=== Section Start ===
(* Let $k\ge 1$ be an integer and $\lambda\in[0,1]$. Define $\beta(k)=\sum_{i=0}^{k-1}\lambda^{-i}$ if $\lambda>0$ and $\beta(k)=\infty$ if $\lambda=0$, and \[ \alpha(k)=\begin{cases}1+2\lambda+2\lambda^2+\dots+2\lambda^{(k-1)/2} & \text{if } k \text{ is odd},\\ 1+2\lambda+2\lambda^2+\dots+2\lambda^{k/2-1}+\lambda^{k/2} & \text{if } k \text{ is even.}\end{cases} \] Then there exists a deterministic learning-augmented memory-constrained online algorithm $\mathcal{A}$ for the $k$-server problem on the line such that for every instance $I$ and every prediction for $I$ with prediction error $\eta$, \[ \mathcal{A}(I)\le \min\left\{\alpha(k)\left(1+\frac{\eta}{\mathrm{OPT}(I)}\right),\ \beta(k)\right\}\cdot \mathrm{OPT}(I)+c, \] where $c\ge 0$ depends only on the initial configuration. In particular, for $\lambda>0$ the algorithm is $\alpha(k)$-consistent and $\beta(k)$-robust.
   Context: The $k$-server problem on the line: $k$ servers start at given positions on $\mathbb{R}$ (initial configuration $C_0$); requests $r_1,\dots,r_n\in\mathbb{R}$ arrive online one by one, and each must be served (before the next is revealed) by moving at least one server to the requested point; cost is the total distance traveled by all servers. Servers are labeled by position, $s_1\le\dots\le s_k$ (overtakings are uncrossed). $\mathrm{OPT}(I)$ is the minimum cost of serving instance $I$ offline. A prediction for an instance with $n$ requests is a sequence $p_1,\dots,p_n\in\{1,\dots,k\}$; $s_{p_t}$ is the predicted server for request $t$. The algorithm FtP ("follow the predictions") serves each request $r_t$ by moving server $s_{p_t}$ to it (then relabeling servers by position order); $\mathrm{FtP}(I)$ is its cost, and the prediction error is $\eta=\mathrm{FtP}(I)-\mathrm{OPT}(I)$. A learning-augmented algorithm receives $p_t$ together with $r_t$. It is $\alpha$-consistent if $\mathcal{A}(I)\le\alpha\,\mathrm{OPT}(I)+c$ for every instance and every prediction with $\eta=0$, and $\beta$-robust if $\mathcal{A}(I)\le\beta\,\mathrm{OPT}(I)+c$ for every instance and every prediction, where $c$ depends only on the initial configuration. An algorithm is memory-constrained if its decision on each request depends only on the current server configuration, the current request and the current prediction (not on previous requests); it may move several servers per request; and its memory is erasable: for any set of $k$ distinct points and any starting configuration there is a finite sequence of requests among these $k$ points after which each of these points holds exactly one server (such a sequence is called a force to these points). *)

theory Defs
  imports Complex_Main
begin

text \<open>A configuration of k servers is the sorted list of their positions
  (servers labelled s_1 <= ... <= s_k by position; list index i-1 = label i).\<close>

definition valid_config :: "nat \<Rightarrow> real list \<Rightarrow> bool" where
  "valid_config k C \<longleftrightarrow> length C = k \<and> sorted C"

text \<open>Cost of moving from configuration C to configuration D, servers matched
  by position order (overtakings uncrossed).\<close>
definition move_cost :: "real list \<Rightarrow> real list \<Rightarrow> real" where
  "move_cost C D = (\<Sum>i<length C. \<bar>C ! i - D ! i\<bar>)"

text \<open>A prediction for requests rs: one predicted server label in {1..k} per request.\<close>
definition valid_prediction :: "nat \<Rightarrow> real list \<Rightarrow> nat list \<Rightarrow> bool" where
  "valid_prediction k rs ps \<longleftrightarrow> length ps = length rs \<and> (\<forall>p\<in>set ps. 1 \<le> p \<and> p \<le> k)"
(* Let $G=\sum_{i=1}^h C_{2m_i}+\sum_{j=1}^k C_{2n_j+1}$ (disjoint union of cycles), where $h,k\ge0$, $h+k\ge1$, $m_i\ge2$ and $n_j\ge1$, and let $p=|V(G)|$. Then $str(G)=\max\{p+2,\ p+1+k\}$.
   Context: $C_n$ denotes the cycle on $n$ vertices and $+$ disjoint union (an empty sum is omitted). For a graph $G$ of order $p$, a numbering is a bijection $f:V(G)\to[1,p]$; $str_f(G)=\max\{f(u)+f(v): uv\in E(G)\}$ and $str(G)=\min_f str_f(G)$. *)

theory Defs
  imports Main
begin

(* A graph is given by a vertex set V and a set E of (unordered) edges,
   each edge represented by an ordered pair (u,v) of endpoints. *)

definition numberings :: "'a set \<Rightarrow> ('a \<Rightarrow> nat) set" where
  "numberings V = {f. bij_betw f V {1..card V}}"

definition str_f :: "('a \<times> 'a) set \<Rightarrow> ('a \<Rightarrow> nat) \<Rightarrow> nat" where
  "str_f E f = Max {f u + f v | u v. (u, v) \<in> E}"

definition str :: "'a set \<Rightarrow> ('a \<times> 'a) set \<Rightarrow> nat" where
  "str V E = Min (str_f E ` numberings V)"

(* Disjoint union of cycles C_{L!0} + C_{L!1} + ...: vertex (c,i) is the
   i-th vertex of the c-th cycle. *)
definition cyc_verts :: "nat list \<Rightarrow> (nat \<times> nat) set" where
  "cyc_verts L = {(c, i). c < length L \<and> i < L ! c}"

definition cyc_edges :: "nat list \<Rightarrow> ((nat \<times> nat) \<times> (nat \<times> nat)) set" where
  "cyc_edges L = {((c, i), (c, Suc i mod (L ! c))) | c i. c < length L \<and> i < L ! c}"

end

theory Submission
  imports Defs
begin

(* Write p for the order and k for the number of odd cycles.  Every vertex of a cycle has two
   distinct neighbours, and one of them has label at least 2; applied to the vertex labelled p
   this gives p + 2.  If s = str_f(G), the vertices u with 2 f(u) \<ge> s form an independent set
   whose labels fill the interval from \<lceil>s/2\<rceil> to p; since C_l has independence number \<lfloor>l/2\<rfloor>
   and the floors sum to (p - k)/2, this forces s \<ge> p + 1 + k.  For the upper bound, list the
   even cycles before the odd ones and give the vertices in even positions the labels 1, 2, ...
   and those in odd positions the labels p, p - 1, ..., cycle after cycle: an edge inside cycle c
   then has label sum at most p + 2 plus the number of odd cycles before c, and the closing edge
   of an odd cycle joins two small labels. *)

lemma sum_list_map_conv_sum_nth: "(\<Sum>x\<leftarrow>xs. f x) = (\<Sum>i<length xs. f (xs ! i))"
  by (simp add: sum_list_sum_nth atLeast0LessThan)

lemma sum_list_conv_sum_nth: "sum_list xs = (\<Sum>i<length xs. xs ! i)"
  using sum_list_map_conv_sum_nth[where f = "\<lambda>x. x"] by simp

lemma length_filter_odd_eq_sum_mod: "length (filter odd xs) = (\<Sum>x\<leftarrow>xs. x mod 2)"
  by (induction xs) (auto simp: odd_iff_mod_2_eq_one)

lemma sum_list_eq_halves: "sum_list xs = 2 * (\<Sum>x\<leftarrow>xs. x div 2) + length (filter odd xs)"
  by (induction xs) auto

section \<open>Bounds on the strength of a graph\<close>

lemma str_f_eq_Max_image: "str_f E f = Max ((\<lambda>(u, v). f u + f v) ` E)"
proof -
  have "{f u + f v | u v. (u, v) \<in> E} = (\<lambda>(u, v). f u + f v) ` E"
    by auto
  then show ?thesis
    by (simp add: str_f_def)
qed

lemma str_f_ge:
  assumes "finite E" and "(u, v) \<in> E \<union> E\<inverse>"
  shows "f u + f v \<le> str_f E f"
proof -
  have "f u + f v \<in> (\<lambda>(u, v). f u + f v) ` E"
    using assms(2) by (force simp: add.commute)
  then show ?thesis
    using assms(1) by (simp add: str_f_eq_Max_image)
qed

lemma str_f_le_iff:
  assumes "finite E" and "E \<noteq> {}"
  shows "str_f E f \<le> s \<longleftrightarrow> (\<forall>(u, v) \<in> E. f u + f v \<le> s)"
  using assms by (auto simp: str_f_eq_Max_image)
(* Let $n\ge 2$, let $\mathcal{Y}=\{C^{(1)},\dots,C^{(n)}\}$ be a set of classes, let $E$ be a set of ordered pairs of distinct classes, and let $g:E\to\mathbb{R}$. Then the following are equivalent: (a) there exist a finite alphabet $\mathcal{U}=[k]$, a probability table $\{\mathbf{p}_u\}_{u\in\mathcal{U}}$ with every $\mathbf{p}_u\in(0,1)^n$ and $\sum_i p_u^{(i)}=1$, and a probability distribution $d$ on $\mathcal{U}$ such that $f_d(e)=g(e)$ for all $e\in E$; (b) there exists a point $x$ in the interior $\mathrm{Co}(\mathcal{H_R})$ of the linear ordering polytope such that $x(e)=g(e)$ for all $e\in E$.
   Context: Situational opinions: for $u\in\mathcal{U}$ and distinct $i,j$, $f_u(C^{(i)},C^{(j)})=p_u^{(i)}/(p_u^{(i)}+p_u^{(j)})$. Overall opinions (expert graph edge-weights): $f_d(e)=\sum_{u\in\mathcal{U}}d(u)f_u(e)$. Rankings: for a permutation $r=(r_1,\dots,r_n)$ of $[n]$, the ranking graph has weights $f_r(C^{(r_a)},C^{(r_b)})=1$ if $a<b$ and $0$ if $a>b$. Identify any weighting $x$ of ordered pairs satisfying $x(C^{(j)},C^{(i)})=1-x(C^{(i)},C^{(j)})$ with the vector $(x(C^{(i)},C^{(j)}))_{i<j}\in\mathbb{R}^{n(n-1)/2}$. The linear ordering polytope is the convex hull of the $n!$ vectors $f_r$; $\mathrm{Co}(\mathcal{H_R})$ denotes its (open) interior in $\mathbb{R}^{n(n-1)/2}$, i.e. the open convex hull of the ranking vectors. *)

theory Defs
  imports "HOL-Analysis.Analysis"
begin

text \<open>Classes are the elements of a finite linearly ordered type 'c
(C^(1) < ... < C^(n) with n = CARD('c)). A weighting of the ordered pairs
with x(j,i) = 1 - x(i,j) is identified with its coordinates x(i,j), i<j.
We realise R^(n(n-1)/2) as the coordinate subspace pair_space of
real^('c \<times> 'c) whose coordinates off {(i,j). i<j} vanish.\<close>

definition pair_space :: "(real ^ ('c::{finite,linorder} \<times> 'c)) set" where
  "pair_space = {v. \<forall>i j. \<not> i < j \<longrightarrow> v $ (i, j) = 0}"

definition pair_weight :: "real ^ ('c::{finite,linorder} \<times> 'c) \<Rightarrow> 'c \<times> 'c \<Rightarrow> real" where
  "pair_weight v e = (if fst e < snd e then v $ e else 1 - v $ (snd e, fst e))"

text \<open>Ranking vector: pos c is the (0-based) rank position of class c, a
bijection onto {0..<n}; f_r(C,C') = 1 iff C is ranked before C'.\<close>
definition ranking_vec :: "('c::{finite,linorder} \<Rightarrow> nat) \<Rightarrow> real ^ ('c \<times> 'c)" where
  "ranking_vec pos = (\<chi> e. if fst e < snd e then (if pos (fst e) < pos (snd e) then 1 else 0) else 0)"

definition ranking_vecs :: "(real ^ ('c::{finite,linorder} \<times> 'c)) set" where
  "ranking_vecs = {ranking_vec pos | pos. bij_betw pos (UNIV :: 'c set) {0..<CARD('c)}}"

definition linear_ordering_polytope :: "(real ^ ('c::{finite,linorder} \<times> 'c)) set" where
  "linear_ordering_polytope = convex hull ranking_vecs"

definition Co_HR :: "(real ^ ('c::{finite,linorder} \<times> 'c)) set" where
  "Co_HR = (top_of_set pair_space) interior_of linear_ordering_polytope"

definition overall_opinion ::
  "nat \<Rightarrow> (nat \<Rightarrow> 'c \<Rightarrow> real) \<Rightarrow> (nat \<Rightarrow> real) \<Rightarrow> 'c \<times> 'c \<Rightarrow> real" where
  "overall_opinion k p d e = (\<Sum>u<k. d u * (p u (fst e) / (p u (fst e) + p u (snd e))))"

end

(* The Bradley-Terry vectors x(i,j) = p_i / (p_i + p_j), p > 0, are the situational
   opinions, and overall opinions are their finite mixtures.  A Bradley-Terry vector is the
   vector of pairwise marginals of the Plackett-Luce distribution on rankings (the next class
   is drawn with probability proportional to p among those not yet ranked), which charges
   every ranking; hence it lies in the relative interior of the linear ordering polytope,
   and so do its mixtures.  The ranking vectors affinely span the coordinate space, so this
   relative interior is Co(H_R).  Conversely, the weights p_i = t ^ pos(i) make the
   Bradley-Terry vectors converge to the ranking vector of pos as t -> 0, so the convex hull
   of the Bradley-Terry vectors is dense in the polytope.  A convex set and its closure have
   the same relative interior, hence Co(H_R) is exactly this convex hull. *)

theory Submission
  imports Defs
begin

lemma convex_hull_UN_convex_hull:
  "convex hull (\<Union>i\<in>I. convex hull (A i)) = convex hull (\<Union>i\<in>I. A i)"
proof (rule antisym)
  have "(\<Union>i\<in>I. convex hull (A i)) \<subseteq> convex hull (\<Union>i\<in>I. A i)"
    by (intro UN_least hull_mono) auto
  then show "convex hull (\<Union>i\<in>I. convex hull (A i)) \<subseteq> convex hull (\<Union>i\<in>I. A i)"
    by (intro hull_minimal convex_convex_hull)
  show "convex hull (\<Union>i\<in>I. A i) \<subseteq> convex hull (\<Union>i\<in>I. convex hull (A i))"
    by (intro hull_mono UN_mono hull_subset) auto
qed
lemma tbracket_basic_in_span:
  assumes u: "u \<in> basic_words g" and v: "v \<in> basic_words g"
  shows "tbracket 3 (basic u) (basic v) \<in> W.span (basic ` basic_words g :: (nat list \<Rightarrow> 'a::field) set)"
proof (cases "3 < length u + length v")
  case True
  then have "tbracket 3 (basic u) (basic v) = (0 :: nat list \<Rightarrow> 'a)"
    using vanishes_below_basic[OF u] vanishes_below_basic[OF v] by (intro tbracket_eq_0_if_vanishes_below)
  then show ?thesis
    by (simp add: W.span_zero)
next
  case False
  let ?S = "W.span (basic ` basic_words g :: (nat list \<Rightarrow> 'a) set)"
  have basic: "w \<in> basic_words g \<Longrightarrow> basic w \<in> ?S" for w
    by (intro W.span_base) simp
  have deg2: "tbracket 3 (gen i) (gen j) \<in> ?S" if "i < g" "j < g" for i j
  proof -
    consider "i < j" | "i = j" | "j < i"
      by arith
    then show ?thesis
    proof cases
      case 1
      then show ?thesis
        using basic[of "[i, j]"] that by (simp add: basic_def basic_wordsI)
    next
      case 2
      then show ?thesis
        by (simp add: tbracket_self W.span_zero)
    next
      case 3
      then have "tbracket 3 (gen j) (gen i) \<in> ?S"
        using basic[of "[j, i]"] that by (simp add: basic_def basic_wordsI)
      then show ?thesis
        using tbracket_anticomm[of 3 "gen i" "gen j"] W.span_neg by metis
    qed
  qed
  have deg3: "tbracket 3 (gen k) (tbracket 3 (gen i) (gen j)) \<in> ?S" if "i < j" "j < g" "k < g" for i j k
  proof -
    consider "i < k" | "k = i" | "k < i"
      by arith
    then show ?thesis
    proof cases
      case 1
      then show ?thesis
        using basic[of "[i, j, k]"] that by (simp add: basic_def basic_wordsI)
    next
      case 2
      then show ?thesis
        using basic[of "[i, i, j]"] that by (simp add: basic_def basic_wordsI)
    next
      case 3
      then show ?thesis
        using basic[of "[k, j, i]"] basic[of "[k, i, j]"] that
        by (simp add: tbracket_gen_jacobi basic_wordsI W.span_diff)
    qed
  qed
  from u v False show ?thesis
  proof (elim basic_words_cases)
    fix i j
    assume "u = [i]" "i < g" "v = [j]" "j < g"
    then show ?thesis
      using deg2 by (simp add: basic_def)
  next
    fix k i j
    assume "u = [k]" "k < g" "v = [i, j]" "i < j" "j < g"
    then show ?thesis
      using deg3 by (simp add: basic_def)
  next
    fix k i j
    assume "u = [i, j]" "v = [k]" "k < g" "i < j" "j < g"
    then have "tbracket 3 (basic u) (basic v) = (- tbracket 3 (gen k) (tbracket 3 (gen i) (gen j)) :: nat list \<Rightarrow> 'a)"
      by (simp add: basic_def tbracket_anticomm[of 3 "tbracket 3 (gen i) (gen j)"])
    then show ?thesis
      using W.span_neg[OF deg3[OF \<open>i < j\<close> \<open>j < g\<close> \<open>k < g\<close>]] by simp
  qed simp_all
qed

lemma free_nilp3_eq_span: "free_nilp g 3 = W.span (basic ` basic_words g :: (nat list \<Rightarrow> 'a::field) set)"
proof
  show "W.span (basic ` basic_words g) \<subseteq> (free_nilp g 3 :: (nat list \<Rightarrow> 'a) set)"
    by (rule W.span_minimal) (auto intro: basic_in_free_nilp subspace_free_nilp)
next
  show "free_nilp g 3 \<subseteq> W.span (basic ` basic_words g :: (nat list \<Rightarrow> 'a) set)"
    unfolding free_nilp_def
  proof (rule Inter_lower, safe)
    fix i
    assume "i < g"
    then have "basic [i] \<in> basic ` basic_words g"
      by (intro imageI basic_wordsI)
    then have "basic [i] \<in> W.span (basic ` basic_words g :: (nat list \<Rightarrow> 'a) set)"
      by (rule W.span_base)
    then show "gen i \<in> W.span (basic ` basic_words g :: (nat list \<Rightarrow> 'a) set)"
      by (simp add: basic_def)
  next
    fix x y :: "nat list \<Rightarrow> 'a"
    assume "x \<in> W.span (basic ` basic_words g)" "y \<in> W.span (basic ` basic_words g)"
    then show "tbracket 3 x y \<in> W.span (basic ` basic_words g)"
      by (rule tbracket_in_span) (auto intro: tbracket_basic_in_span)
  qed
qed

lemma dim_span_basic:
  "H \<subseteq> basic_words g \<Longrightarrow> W.dim (W.span (basic ` H :: (nat list \<Rightarrow> 'a::field) set)) = card H"
  by (rule diagonal_family.dim_span[OF diagonal_family.subfamily[OF basic_diagonal]])

lemma span_basic_words_length_ge:
  "W.span (basic ` {u \<in> basic_words g. n \<le> length u})
     = {y :: nat list \<Rightarrow> 'a::field. y \<in> free_nilp g 3 \<and> vanishes_below n y}"
proof (intro equalityI subsetI CollectI conjI)
  fix y :: "nat list \<Rightarrow> 'a"
  assume y: "y \<in> W.span (basic ` {u \<in> basic_words g. n \<le> length u})"
  then show "y \<in> free_nilp g 3"
    using W.span_mono[of "basic ` {u \<in> basic_words g. n \<le> length u}" "basic ` basic_words g"]
    by (auto simp: free_nilp3_eq_span)
  show "vanishes_below n y"
    using y
  proof (induction rule: W.span_induct)
    case base
    show ?case
      by (rule subspace_vanishes_below)
  next
    case (step x)
    then show ?case
      using vanishes_below_basic vanishes_below_mono by blast
  qed
next
  fix y :: "nat list \<Rightarrow> 'a"
  assume "y \<in> {y. y \<in> free_nilp g 3 \<and> vanishes_below n y}"
  then have "y \<in> W.span (basic ` (basic_words g - {u. length u < n}))"
    by (intro diagonal_family.in_span_Diff_if_vanishes[OF basic_diagonal])
      (auto simp: free_nilp3_eq_span vanishes_below_def)
  moreover have "basic_words g - {u. length u < n} = {u \<in> basic_words g. n \<le> length u}"
    by auto
  ultimately show "y \<in> W.span (basic ` {u \<in> basic_words g. n \<le> length u})"
    by simp
qed

lemma free_nilp3_Nil:
  assumes "y \<in> free_nilp g 3"
  shows "y [] = 0"
proof -
  have "{u \<in> basic_words g. 1 \<le> length u} = basic_words g"
    by (auto elim!: basic_words_cases)
  then have "vanishes_below 1 y"
    using span_basic_words_length_ge[of g 1] free_nilp3_eq_span[of g] assms by auto
  then show ?thesis
    by (simp add: vanishes_below_def)
qed

lemma free_nilp3_alternating: "y \<in> free_nilp g 3 \<Longrightarrow> y [a, a] = (0 :: 'a::field)"
  unfolding free_nilp3_eq_span
proof (induction rule: W.span_induct)
  case base
  show ?case
    by (auto simp: W.subspace_def wscale_apply)
next
  case (step x)
  then show ?case
    by (auto elim!: basic_words_cases simp: basic_eq_monomials monomial_def)
qed

lemma free_nilp3_antisym: "y \<in> free_nilp g 3 \<Longrightarrow> y [a, b] = - (y [b, a] :: 'a::field)"
  unfolding free_nilp3_eq_span
proof (induction rule: W.span_induct)
  case base
  show ?case
    by (auto simp: W.subspace_def wscale_apply)
next
  case (step x)
  then show ?case
    by (auto elim!: basic_words_cases simp: basic_eq_monomials monomial_def)
qed
(* Let $L$ be a friendly labeling function, $T$ a tree with root edge, and $e$ an interior edge of $T$. Let $$g=\prod_{i=1}^d q_{(l_i,m_i)}-\prod_{i=1}^d q_{(l'_i,m_i)}\in I_{T_{e,-},L},$$ where $(l_i,m_i),(l'_i,m_i)\in{\rm im}(L^{T_{e,-}})$ and $m_i$ denotes the label on $e$. Let $n_1,\dots,n_d$ be labelings of the edges of $T_{e,+}$ other than $e$ such that $(m_i,n_i)\in{\rm im}(L^{T_{e,+}})$ for each $i$. Then $(l_i,m_i,n_i),(l'_i,m_i,n_i)\in{\rm im}(L^T)$ for all $i$, and $$g^*=\prod_{i=1}^d q_{(l_i,m_i,n_i)}-\prod_{i=1}^d q_{(l'_i,m_i,n_i)}$$ lies in $I_{T,L}$. The analogous statement holds with the roles of $T_{e,-}$ and $T_{e,+}$ exchanged.
   Context: Let $G$ be a finite abelian group written additively, $\mathcal{L}$ a finite set, $L:G\to\mathcal{L}$ a function. A tree with root edge is a finite tree $T$ with a distinguished leaf $\rho$; the edge at $\rho$ is the root edge. Every vertex $v\neq\rho$ has a unique parent edge (first edge on the path from $v$ to $\rho$); other edges at $v$ are child edges. Vertices that are neither $\rho$ nor leaves are interior vertices; an edge is interior if both endpoints are interior vertices. $E(T)$ is the edge set. An edge $e'$ is below $e$ if $e$ lies on the path from $\rho$ to $e'$ (so $e$ is below itself). A map $h:E(T)\to G$ is a consistent assignment if for every interior vertex $v$, $h(\text{parent edge of }v)=\sum h(\text{child edges of }v)$. ${\rm im}(L^T)=\{L\circ h: h\text{ consistent}\}$ is the set of consistent labelings. $I_{T,L}$ is the kernel of $\mathbb{C}[q_\lambda:\lambda\in{\rm im}(L^T)]\to\mathbb{C}[a^{(e)}_l:e\in E(T),l\in\mathcal{L}]$, $q_\lambda\mapsto\prod_{e\in E(T)}a^{(e)}_{\lambda(e)}$; the same definitions apply to any tree with root edge. For an edge $e$, $T_{e,-}$ is the tree formed by all edges below $e$, regarded as a tree with root edge $e$ (distinguished leaf = endpoint of $e$ closer to $\rho$); $T_{e,+}$ is the tree formed by $e$ and all edges not below $e$, with the same $\rho$ (the endpoint of $e$ farther from $\rho$ becomes a leaf). Labelings of $T_{e,-}$ are written $(l,m)$ and of $T_{e,+}$ as $(m,n)$, and of $T$ as $(l,m,n)$, where $l$ is the restriction to edges of $T_{e,-}$ other than $e$, $m$ the value on $e$, $n$ the restriction to edges of $T_{e,+}$ other than $e$. Friendliness: for $m\ge3$ let $Z_m=\{(g_1,\dots,g_m)\in G^m: g_1+\cdots+g_{m-1}=g_m\}$ and $\widetilde{L}(g_1,\dots,g_m)=(L(g_1),\dots,L(g_m))$; $L$ is $m$-friendly if for every $l\in\widetilde{L}(Z_m)$ and every $i$, the set of $i$-th coordinates of elements of $\widetilde{L}^{-1}(l)$ equals $L^{-1}(l_i)$; $L$ is friendly if it is $m$-friendly for all $m\ge3$. *)

theory Defs
  imports Complex_Main "HOL-Library.Multiset" "HOL-Library.FuncSet"
begin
=== Section End ===
Look above for the line with "Bradley-Terry vectors converge" and the line with "by (intro W.span_base) simp"; transcribe both and all lines in between, exactly, and nothing else.

■ **RESULT**:
   Bradley-Terry vectors converge to the ranking vector of pos as t -> 0, so the convex hull
   of the Bradley-Terry vectors is dense in the polytope.  A convex set and its closure have
   the same relative interior, hence Co(H_R) is exactly this convex hull. *)

theory Submission
  imports Defs
begin

lemma convex_hull_UN_convex_hull:
  "convex hull (\<Union>i\<in>I. convex hull (A i)) = convex hull (\<Union>i\<in>I. A i)"
proof (rule antisym)
  have "(\<Union>i\<in>I. convex hull (A i)) \<subseteq> convex hull (\<Union>i\<in>I. A i)"
    by (intro UN_least hull_mono) auto
  then show "convex hull (\<Union>i\<in>I. convex hull (A i)) \<subseteq> convex hull (\<Union>i\<in>I. A i)"
    by (intro hull_minimal convex_convex_hull)
  show "convex hull (\<Union>i\<in>I. A i) \<subseteq> convex hull (\<Union>i\<in>I. convex hull (A i))"
    by (intro hull_mono UN_mono hull_subset) auto
qed
lemma tbracket_basic_in_span:
  assumes u: "u \<in> basic_words g" and v: "v \<in> basic_words g"
  shows "tbracket 3 (basic u) (basic v) \<in> W.span (basic ` basic_words g :: (nat list \<Rightarrow> 'a::field) set)"
proof (cases "3 < length u + length v")
  case True
  then have "tbracket 3 (basic u) (basic v) = (0 :: nat list \<Rightarrow> 'a)"
    using vanishes_below_basic[OF u] vanishes_below_basic[OF v] by (intro tbracket_eq_0_if_vanishes_below)
  then show ?thesis
    by (simp add: W.span_zero)
next
  case False
  let ?S = "W.span (basic ` basic_words g :: (nat list \<Rightarrow> 'a) set)"
  have basic: "w \<in> basic_words g \<Longrightarrow> basic w \<in> ?S" for w
    by (intro W.span_base) simp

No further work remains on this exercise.